What do you do when you're almost to your goal?
Wednesday, December 02, 2009
It's been awhile since I've written. Okay, it's been a long while.
I wish I could say things are really good now, or at least significantly better but I cling to optimism that this is a statement I will be able to make soon. Right now, I'm still struggling.
Do you ever get those times, where even the easy things in life just come a little harder? For instance, the main road between me and, well, everything such as grocery shopping, errands, the gym could easily be renamed Fast Food Lane...within a 3-4 mile stretch is every fast food, pizza, wing, donut, quick-mart, chinese takeout, diner and upscale chain restaurant with curbside order and pickup known to mankind, several of which are open conveniently till the wee hours of the morning or worse, 24/7.
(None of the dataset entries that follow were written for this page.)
lemma gdist_lex_other_fibre:
  assumes "\<forall>u\<in>V. HV u \<noteq> {}"
    and "u \<noteq> u'" "u \<in> V" "v \<in> HV u" "u' \<in> V" "w \<in> HV u'"
  shows "gdist (Sigma V HV) (lex_E V E HV HE) (u,v) (u',w) = gdist V E u u'"
proof (rule antisym)
  show "gdist V E u u' \<le> gdist (Sigma V HV) (lex_E V E HV HE) (u,v) (u',w)"
    using gdist_greatest gdist_fst_le_lex_walk by fastforce
  show "gdist (Sigma V HV) (lex_E V E HV HE) (u,v) (u',w) \<le> gdist V E u u'"
  proof (cases "gdist V E u u' = \<infinity>")
    case False
    then obtain n where n: "gdist V E u u' = enat n" "has_walk V E u u' n"
      by (rule gdist_finite_obtains_walk)
    then obtain m where "n = Suc m" using assms(2) by (cases n) (auto dest: has_walk_0_eq)
    then show ?thesis using gdist_le_walk[OF lex_walk_of_walk] assms n by simp
  qed simp
qed

lemma gdist_lex_same_fibre:
  assumes G: "graph V E" and H: "graph (HV u) (HE u)" and ne: "HV u' \<noteq> {}"
    and "v \<in> HV u" "w \<in> HV u" "E u u'"
  shows "gdist (Sigma V HV) (lex_E V E HV HE) (u,v) (u,w) = dist2 (HV u) (HE u) v w"
proof -
  have u: "u \<in> V" "u' \<in> V" using graph_edge_in_V[OF G assms(6)] by auto
  consider "v = w" | "HE u v w" | "v \<noteq> w" "\<not> HE u v w" by blast
  then show ?thesis
  proof cases
    case 1
    then show ?thesis
      using gdist_self[of "(u,w)" "Sigma V HV" "lex_E V E HV HE"] assms u dist2_graph[OF H] by simp
  next
    case 2
    then have "v \<noteq> w" using graph_irrefl[OF H] by blast
    then have "gdist (Sigma V HV) (lex_E V E HV HE) (u,v) (u,w) = 1"
      using 2 assms u by (intro gdist_adjacent) (auto simp: lex_E_iff)
    then show ?thesis using 2 \<open>v \<noteq> w\<close> assms dist2_graph[OF H] by simp
  next
    case 3
    have "\<not> lex_E V E HV HE (u,v) (u,w)" using 3 graph_irrefl[OF G] by (simp add: lex_E_iff)
    then have ge: "2 \<le> gdist (Sigma V HV) (lex_E V E HV HE) (u,v) (u,w)"
      using 3 by (intro gdist_ge_2) auto
    \<comment> \<open>a detour through any vertex of the adjacent fibre has length 2\<close>
    obtain t where t: "t \<in> HV u'" using ne by blast
    have "has_walk (Sigma V HV) (lex_E V E HV HE) (u,v) (u',t) 1"
      by (rule has_walk_1_iff[THEN iffD2]) (use assms u t in \<open>simp add: lex_E_iff\<close>)
    then have "has_walk (Sigma V HV) (lex_E V E HV HE) (u,v) (u,w) (Suc 1)"
      by (rule has_walk_snoc) (use assms u t graph_sym[OF G] in \<open>auto simp: lex_E_iff\<close>)
    then have "gdist (Sigma V HV) (lex_E V E HV HE) (u,v) (u,w) \<le> 2"
      using gdist_le_walk by (simp add: numeral_eq_enat numeral_2_eq_2)
    then show ?thesis using ge 3 dist2_graph[OF H] assms by simp
  qed
qed

lemma connected_graph_obtains_neighbour:
  assumes "connected_graph V E" "card V \<ge> 2" "u \<in> V"
  obtains u' where "E u u'"
proof -
  have G: "graph V E" using assms(1) unfolding connected_graph_def by simp
  have "\<not> V \<subseteq> {u}" using assms(2) card_mono[of "{u}" V] by auto
  then obtain u' where u': "u' \<in> V" "u' \<noteq> u" by blast
  have "gdist V E u' u \<noteq> \<infinity>" using assms(1,3) u'(1) unfolding connected_graph_def by blast
  then obtain n where n: "has_walk V E u' u n" by (rule gdist_finite_obtains_walk)
  then obtain m where "n = Suc m" using u'(2) by (cases n) (auto dest: has_walk_0_eq)
  then obtain y where "E y u" using n by (auto elim: has_walk_SucE)
  then show ?thesis using graph_sym[OF G] that by blast
qed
Normally, this is not a major issue for me. But lately, with a kitchen that is still not finished 4 months after I've moved in and which means everything from cooking beyond microwave reheating to simple washing of dishes in a 60 year old sink that takes an hour to drain 2 inches of water, is a major pain in the..uhm derriere. Add to that my still enduring struggle with getting solid sleep and you can see that a gauntlet of convenience foods is not exactly the place I need to travel on a regular basis. I'm usually good the first mile or two, but soon all that neon, and getting stuck behind cars turning into them which allows time for the smells to reach me...well, you get the temptation this can cause when one is very, very hungry. And I don't even really like fast food! It is almost never as tasty as it promises to be.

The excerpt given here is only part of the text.